With the line that contains "by (simp_all add: \<epsilon>_def)" as the final line, return every line from the start of the data below exactly.

★ ★ ★

lemma \<gamma>0_\<epsilon>_le: "\<gamma>0 * \<epsilon> \<le> c\<^sup>2/16" "\<gamma>0 * \<epsilon> \<le> \<eta>\<^sup>2"
  and \<gamma>0_AE_\<epsilon>_le: "(\<gamma>0 + A*E) * \<epsilon> \<le> c/4"
  and AE_\<epsilon>_le: "8*A*E*\<epsilon> \<le> 3*c*\<eta>\<^sup>2"
proof -
  have AE: "0 < A*E" using A_pos E_ge_1 by simp
  have \<epsilon>_le: "\<epsilon> \<le> c\<^sup>2/(16*\<gamma>0)" "\<epsilon> \<le> \<eta>\<^sup>2/\<gamma>0" "\<epsilon> \<le> c/(4*(\<gamma>0 + A*E))" "\<epsilon> \<le> 3*c*\<eta>\<^sup>2/(8*A*E)"
    by (simp_all add: \<epsilon>_def)
  show "\<gamma>0 * \<epsilon> \<le> c\<^sup>2/16" "\<gamma>0 * \<epsilon> \<le> \<eta>\<^sup>2" using \<epsilon>_le \<gamma> by (simp_all add: field_simps)
  show "(\<gamma>0 + A*E) * \<epsilon> \<le> c/4" using \<epsilon>_le(3) \<gamma> AE by (simp add: field_simps add_pos_pos)
  show "8*A*E*\<epsilon> \<le> 3*c*\<eta>\<^sup>2" using \<epsilon>_le(4) AE by (simp add: field_simps)
qed

lemma kbar_pos: "0 < kbar" and kbar_le_1: "kbar \<le> 1"
  using D_pos by (auto simp: kbar_def)

lemma \<gamma>4_pos: "0 < \<gamma>4"
  using \<gamma> c_pos A_pos by (simp add: \<gamma>4_def add_pos_nonneg)

end

locale stability_data = stability_constants +
  fixes M :: nat and k h lam :: real and a b r s :: "nat \<Rightarrow> real"
  assumes k_eq: "k = T / real M" and k_pos: "0 < k" and k_lt_kbar: "k < kbar"
    and h_sq_lt: "h\<^sup>2 < \<epsilon> * k"
    and lam: "0 \<le> lam" "lam \<le> \<Lambda>"
    and nonneg: "\<forall>m\<in>{0..M}. 0 \<le> a m \<and> 0 \<le> b m"
    and a0: "(a 0)\<^sup>2 \<le> \<gamma>0 * h\<^sup>2" and b0: "(b 0)\<^sup>2 \<le> \<gamma>0 * h\<^sup>2"
    and r_sum: "k * (\<Sum>m=0..M. (r m)\<^sup>2) \<le> \<gamma>0 * h\<^sup>2"
    and s_sum: "k * (\<Sum>m=0..M. (s m)\<^sup>2) \<le> \<gamma>0 * h\<^sup>2"
    and ineq1: "\<forall>m\<in>{1..M}.
         ((a m)\<^sup>2 - (a (m-1))\<^sup>2) / k + \<gamma>1 * rpow (lam + b m) (p - 2) * (b m)\<^sup>2
           \<le> b m * r m + \<gamma>2 * b (m-1) * b m + (s m)\<^sup>2"
    and ineq2: "\<forall>m\<in>{1..M}.
         ((a m)\<^sup>2 - (a (m-1))\<^sup>2) / k + \<gamma>1 * rpow (lam + b m) (p - 2) * (b m)\<^sup>2
           \<le> b m * r m + \<gamma>3 * b m * rpow (b (m-1)) (1 - \<theta>) * rpow (a m) \<theta> + (s m)\<^sup>2"
begin

lemma M_pos: "0 < M"
  using k_eq k_pos by (cases M) auto

lemma k_mult_M: "k * real M = T"
  using k_eq M_pos by simp

lemma k_le_1: "k \<le> 1" and k_D_le: "k * D \<le> 1/2"
  using k_lt_kbar D_pos by (auto simp: kbar_def field_simps)

lemma r_sq_le: "m \<in> {0..M} \<Longrightarrow> (r m)\<^sup>2 \<le> \<gamma>0 * \<epsilon>"
  and s_sq_le: "m \<in> {0..M} \<Longrightarrow> (s m)\<^sup>2 \<le> \<gamma>0 * \<epsilon>"
proof -
  assume m: "m \<in> {0..M}"
  have "\<gamma>0 * h\<^sup>2 \<le> k * (\<gamma>0 * \<epsilon>)"
    using h_sq_lt \<gamma> by (simp add: mult_left_mono mult.commute mult.left_commute)
  moreover have "k * (r m)\<^sup>2 \<le> \<gamma>0 * h\<^sup>2" "k * (s m)\<^sup>2 \<le> \<gamma>0 * h\<^sup>2"
    using scaled_sum_subset_le[OF _ _ _ r_sum, of "{m}"] scaled_sum_subset_le[OF _ _ _ s_sum, of "{m}"]
      m k_pos by auto
  ultimately have "k * (r m)\<^sup>2 \<le> k * (\<gamma>0 * \<epsilon>)" "k * (s m)\<^sup>2 \<le> k * (\<gamma>0 * \<epsilon>)" by linarith+
  then show "(r m)\<^sup>2 \<le> \<gamma>0 * \<epsilon>" "(s m)\<^sup>2 \<le> \<gamma>0 * \<epsilon>" using k_pos by simp_all
qed

lemma forcing_sum_le:
  assumes "i \<le> M"
  shows "k*(\<Sum>m=1..i. (r m)\<^sup>2/c + (s m)\<^sup>2) \<le> \<gamma>0*h\<^sup>2/c + \<gamma>0*h\<^sup>2"
proof -
  have "k*(\<Sum>m=1..i. (r m)\<^sup>2/c + (s m)\<^sup>2) = (k*(\<Sum>m=1..i. (r m)\<^sup>2))/c + k*(\<Sum>m=1..i. (s m)\<^sup>2)"
    by (simp add: sum.distrib sum_divide_distrib[symmetric] algebra_simps)
  moreover have "k*(\<Sum>m=1..i. (r m)\<^sup>2) \<le> \<gamma>0*h\<^sup>2" "k*(\<Sum>m=1..i. (s m)\<^sup>2) \<le> \<gamma>0*h\<^sup>2"
    using scaled_sum_subset_le[OF _ _ _ r_sum] scaled_sum_subset_le[OF _ _ _ s_sum] assms k_pos
    by auto
  ultimately show ?thesis using divide_right_mono[of _ _ c] c_pos by fastforce
qed

lemma linearised_step:
  assumes m: "m \<in> {1..M}" and b_le: "b m \<le> 1"
  shows "((a m)\<^sup>2 - (a (m-1))\<^sup>2)/k + c*(b m)\<^sup>2 \<le> b m * r m + \<gamma>3 * b m * (\<delta> * b (m-1) + K * a m) + (s m)\<^sup>2"
proof -
  have nn: "0 \<le> a m" "0 \<le> b m" "0 \<le> b (m-1)" using nonneg m by auto
  have "c*(b m)\<^sup>2 \<le> \<gamma>1 * rpow (lam + b m) (p - 2) * (b m)\<^sup>2"
    using degenerate_weight_ge_small[of p lam \<Lambda> "b m" \<gamma>1] p lam nn b_le \<gamma> by (simp add: c_def)
  moreover have "rpow (b (m-1)) (1 - \<theta>) * rpow (a m) \<theta> \<le> \<delta> * b (m-1) + K * a m"
    using rpow_interpolation_le[OF nn(3,1) \<theta> \<delta>_pos] by (simp add: K_def)
  then have "\<gamma>3 * b m * rpow (b (m-1)) (1 - \<theta>) * rpow (a m) \<theta> \<le> \<gamma>3 * b m * (\<delta> * b (m-1) + K * a m)"
    using \<gamma> nn by (simp add: mult.assoc mult_left_mono)
  ultimately show ?thesis using ineq2 m by fastforce
qed

lemma energy_sum_bound:
  assumes n: "n \<le> M" and b_le: "\<forall>m\<in>{1..n}. b m \<le> 1" and i: "i \<le> n"
  shows "(a i)\<^sup>2 + k*(3*c/8)*(\<Sum>m=1..i. (b m)\<^sup>2) \<le> A*h\<^sup>2 + (k*D)*(\<Sum>m=1..i. (a m)\<^sup>2)"
proof -
  have "(a i)\<^sup>2 + k*(c/2)*(\<Sum>m=1..i. (b m)\<^sup>2) - k*(c/8)*(\<Sum>m<i. (b m)\<^sup>2)
    \<le> (a 0)\<^sup>2 + k*D*(\<Sum>m=1..i. (a m)\<^sup>2) + k*(\<Sum>m=1..i. (r m)\<^sup>2/c + (s m)\<^sup>2)"
  proof (rule sum_energy_steps)
    fix m assume "m \<in> {1..i}"
    then have "m \<in> {1..M}" "b m \<le> 1" using n i b_le by auto
    from energy_step[OF k_pos c_pos \<gamma>(4) \<delta>_def linearised_step[OF this]]
    show "(a m)\<^sup>2 - (a (m-1))\<^sup>2 + k*(c/2)*(b m)\<^sup>2 - k*(c/8)*(b (m-1))\<^sup>2
      \<le> k*D*(a m)\<^sup>2 + k*((r m)\<^sup>2/c + (s m)\<^sup>2)"
      by (simp add: D_def)
  qed
  moreover have "(\<Sum>m<i. (b m)\<^sup>2) \<le> (b 0)\<^sup>2 + (\<Sum>m=1..i. (b m)\<^sup>2)"
  proof -
    have "(\<Sum>m<i. (b m)\<^sup>2) \<le> (\<Sum>m\<in>insert 0 {1..i}. (b m)\<^sup>2)" by (intro sum_mono2) auto
    then show ?thesis by simp
  qed
  then have "k*(c/8)*(\<Sum>m<i. (b m)\<^sup>2) \<le> k*(c/8)*((b 0)\<^sup>2 + (\<Sum>m=1..i. (b m)\<^sup>2))"
    using k_pos c_pos by (intro mult_left_mono) auto
  moreover have "k*(c/8)*(b 0)\<^sup>2 \<le> (c/8)*(\<gamma>0*h\<^sup>2)"
    using mult_right_mono[OF k_le_1, of "(b 0)\<^sup>2"] b0 c_pos by (simp add: mult.left_commute)
  moreover have "k*(\<Sum>m=1..i. (r m)\<^sup>2/c + (s m)\<^sup>2) \<le> \<gamma>0*h\<^sup>2/c + \<gamma>0*h\<^sup>2"
    using forcing_sum_le i n by simp
  moreover have "A*h\<^sup>2 = \<gamma>0*h\<^sup>2*2 + (c/8)*(\<gamma>0*h\<^sup>2) + \<gamma>0*h\<^sup>2/c"
    using c_pos by (simp add: A_def field_simps)
  ultimately show ?thesis using a0 by (simp add: algebra_simps)
qed

lemma energy_estimate:
  assumes n: "n \<le> M" and b_le: "\<forall>m\<in>{1..n}. b m \<le> 1" and j: "j \<le> n"
  shows "(a j)\<^sup>2 + k*(3*c/8)*(\<Sum>m=1..j. (b m)\<^sup>2) \<le> A*h\<^sup>2 * exp (2*D*k*real j)"
proof -
  have "A*h\<^sup>2 + (k*D)*(\<Sum>m=1..j. (a m)\<^sup>2) \<le> A*h\<^sup>2 * exp (2*(k*D)*real j)"
  proof (rule discrete_gronwall[OF _ _ _ k_D_le _ j])
    fix i assume "i \<in> {1..n}"
    moreover have "0 \<le> k*(3*c/8)*(\<Sum>m=1..i. (b m)\<^sup>2)"
      using k_pos c_pos by (simp add: sum_nonneg)
    ultimately show "(a i)\<^sup>2 \<le> A*h\<^sup>2 + (k*D)*(\<Sum>m=1..i. (a m)\<^sup>2)"
      using energy_sum_bound[OF n b_le, of i] by auto
  qed (use A_pos k_pos D_pos in auto)
  then show ?thesis using energy_sum_bound[OF n b_le j] by (simp add: algebra_simps)
qed

lemma energy_bounds:
  assumes n: "n \<le> M" and b_le: "\<forall>m\<in>{1..n}. b m \<le> 1"
  shows "(a n)\<^sup>2 \<le> A*h\<^sup>2*E" and "1 \<le> n \<Longrightarrow> k*(3*c/8)*(b n)\<^sup>2 \<le> A*h\<^sup>2*E"
proof -
  have "2*D*(k*real n) \<le> 2*D*(k*real M)"
    using n k_pos D_pos by (intro mult_left_mono) auto
  then have "exp (2*D*k*real n) \<le> E" by (simp add: E_def k_mult_M mult.assoc)
  then have "A*h\<^sup>2 * exp (2*D*k*real n) \<le> A*h\<^sup>2*E" using A_pos by (intro mult_left_mono) auto
  with energy_estimate[OF n b_le order_refl]
  have energy: "(a n)\<^sup>2 + k*(3*c/8)*(\<Sum>m=1..n. (b m)\<^sup>2) \<le> A*h\<^sup>2*E" by linarith
  have "0 \<le> k*(3*c/8)*(\<Sum>m=1..n. (b m)\<^sup>2)" using k_pos c_pos by (simp add: sum_nonneg)
  with energy show "(a n)\<^sup>2 \<le> A*h\<^sup>2*E" by linarith
  assume "1 \<le> n"
  then have "(b n)\<^sup>2 \<le> (\<Sum>m=1..n. (b m)\<^sup>2)" by (intro member_le_sum) auto
  then have "k*(3*c/8)*(b n)\<^sup>2 \<le> k*(3*c/8)*(\<Sum>m=1..n. (b m)\<^sup>2)"
    by (rule mult_left_mono) (use k_pos c_pos in simp)
  with energy show "k*(3*c/8)*(b n)\<^sup>2 \<le> A*h\<^sup>2*E" using zero_le_power2[of "a n"] by linarith
qed

lemma h_sq_div_k_le: "h\<^sup>2/k \<le> \<epsilon>"
  using h_sq_lt k_pos by (simp add: field_simps)

lemma b0_le_\<eta>: "b 0 \<le> \<eta>"
proof -
  have "\<epsilon> * k \<le> \<epsilon>" using mult_left_le[OF k_le_1, of \<epsilon>] \<epsilon>_pos by simp
  then have "h\<^sup>2 \<le> \<epsilon>" using h_sq_lt by linarith
  then have "(b 0)\<^sup>2 \<le> \<gamma>0 * \<epsilon>" using b0 mult_left_mono[of "h\<^sup>2" \<epsilon> \<gamma>0] \<gamma> by linarith
  also have "\<dots> \<le> \<eta>\<^sup>2" by (rule \<gamma>0_\<epsilon>_le)
  finally show ?thesis by (rule power2_le_imp_le) (use \<eta>_pos in simp)
qed

lemma next_b_le_1:
  assumes n: "n < M" and b_le: "\<forall>m\<in>{1..n}. b m \<le> \<eta>"
  shows "b (Suc n) \<le> 1"
proof (rule le_one_of_energy_ineq)
  have sM: "Suc n \<in> {1..M}" using n by simp
  show "((a (Suc n))\<^sup>2 - (a n)\<^sup>2)/k + \<gamma>1 * rpow (lam + b (Suc n)) (p - 2) * (b (Suc n))\<^sup>2
    \<le> b (Suc n) * r (Suc n) + \<gamma>2 * b n * b (Suc n) + (s (Suc n))\<^sup>2"
    using bspec[OF ineq1 sM] by simp
  show "c * b (Suc n) \<le> \<gamma>1 * rpow (lam + b (Suc n)) (p - 2) * (b (Suc n))\<^sup>2" if "1 < b (Suc n)"
    using degenerate_weight_ge_large[of p lam \<Lambda> "b (Suc n)" \<gamma>1] that p lam \<gamma> by (simp add: c_def)
  show "0 \<le> b (Suc n)" using nonneg sM by auto
  show "0 < k" "0 < c" by (fact k_pos, fact c_pos)
  have "(r (Suc n))\<^sup>2 \<le> (c/4)\<^sup>2"
    using r_sq_le[of "Suc n"] \<gamma>0_\<epsilon>_le(1) sM by (simp add: power_divide)
  then show "\<bar>r (Suc n)\<bar> \<le> c/4" using c_pos by (simp add: abs_le_square_iff[symmetric])
  have "b n \<le> \<eta>" using b_le b0_le_\<eta> by (cases n) auto
  then show "\<gamma>2 * b n \<le> c/4"
    using mult_left_mono[of "b n" \<eta> \<gamma>2] \<gamma>2_\<eta>_le \<gamma> by linarith
  have "\<forall>m\<in>{1..n}. b m \<le> 1" using b_le \<eta>_le_1 by force
  then have "(a n)\<^sup>2 \<le> A*h\<^sup>2*E" using energy_bounds(1)[of n] n by simp
  then have "(a n)\<^sup>2/k \<le> A*E*(h\<^sup>2/k)" using k_pos by (simp add: divide_right_mono mult.commute mult.left_commute)
  also have "\<dots> \<le> A*E*\<epsilon>"
    using h_sq_div_k_le A_pos E_ge_1 by (intro mult_left_mono) auto
  finally show "(a n)\<^sup>2/k + (s (Suc n))\<^sup>2 \<le> c/4"
    using s_sq_le[of "Suc n"] sM \<gamma>0_AE_\<epsilon>_le by (simp add: algebra_simps)
qed

lemma next_b_le_\<eta>:
  assumes n: "n < M" and b_le: "\<forall>m\<in>{1..Suc n}. b m \<le> 1"
  shows "b (Suc n) \<le> \<eta>"
proof -
  have "k*(3*c/8)*(b (Suc n))\<^sup>2 \<le> A*E*h\<^sup>2"
    using energy_bounds(2)[of "Suc n"] n b_le by (simp add: mult.commute mult.left_commute)
  also have "\<dots> \<le> A*E*(\<epsilon>*k)"
    using h_sq_lt A_pos E_ge_1 by (intro mult_left_mono) auto
  finally have "3*c*(b (Suc n))\<^sup>2 \<le> 8*A*E*\<epsilon>" using k_pos by (simp add: field_simps)
  with AE_\<epsilon>_le have "3*c*(b (Suc n))\<^sup>2 \<le> 3*c*\<eta>\<^sup>2" by linarith
  then have "(b (Suc n))\<^sup>2 \<le> \<eta>\<^sup>2" using c_pos by simp
  then show ?thesis by (rule power2_le_imp_le) (use \<eta>_pos in simp)
qed

lemma b_le_\<eta>: "\<forall>m\<in>{1..M}. b m \<le> \<eta>"
proof -
  have "n \<le> M \<Longrightarrow> \<forall>m\<in>{1..n}. b m \<le> \<eta>" for n
  proof (induction n)
    case (Suc n)
    then have IH: "\<forall>m\<in>{1..n}. b m \<le> \<eta>" by simp
    then have "b (Suc n) \<le> 1" using next_b_le_1 Suc.prems by simp
    with IH \<eta>_le_1 have "\<forall>m\<in>{1..Suc n}. b m \<le> 1" by (force simp: le_Suc_eq)
    then have "b (Suc n) \<le> \<eta>" using next_b_le_\<eta> Suc.prems by simp
    with IH show ?case by (auto simp: le_Suc_eq)
  qed simp
  then show ?thesis by blast
qed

★ ★ ★

**Solution for this problem:**
lemma \<gamma>0_\<epsilon>_le: "\<gamma>0 * \<epsilon> \<le> c\<^sup>2/16" "\<gamma>0 * \<epsilon> \<le> \<eta>\<^sup>2"
  and \<gamma>0_AE_\<epsilon>_le: "(\<gamma>0 + A*E) * \<epsilon> \<le> c/4"
  and AE_\<epsilon>_le: "8*A*E*\<epsilon> \<le> 3*c*\<eta>\<^sup>2"
proof -
  have AE: "0 < A*E" using A_pos E_ge_1 by simp
  have \<epsilon>_le: "\<epsilon> \<le> c\<^sup>2/(16*\<gamma>0)" "\<epsilon> \<le> \<eta>\<^sup>2/\<gamma>0" "\<epsilon> \<le> c/(4*(\<gamma>0 + A*E))" "\<epsilon> \<le> 3*c*\<eta>\<^sup>2/(8*A*E)"
    by (simp_all add: \<epsilon>_def)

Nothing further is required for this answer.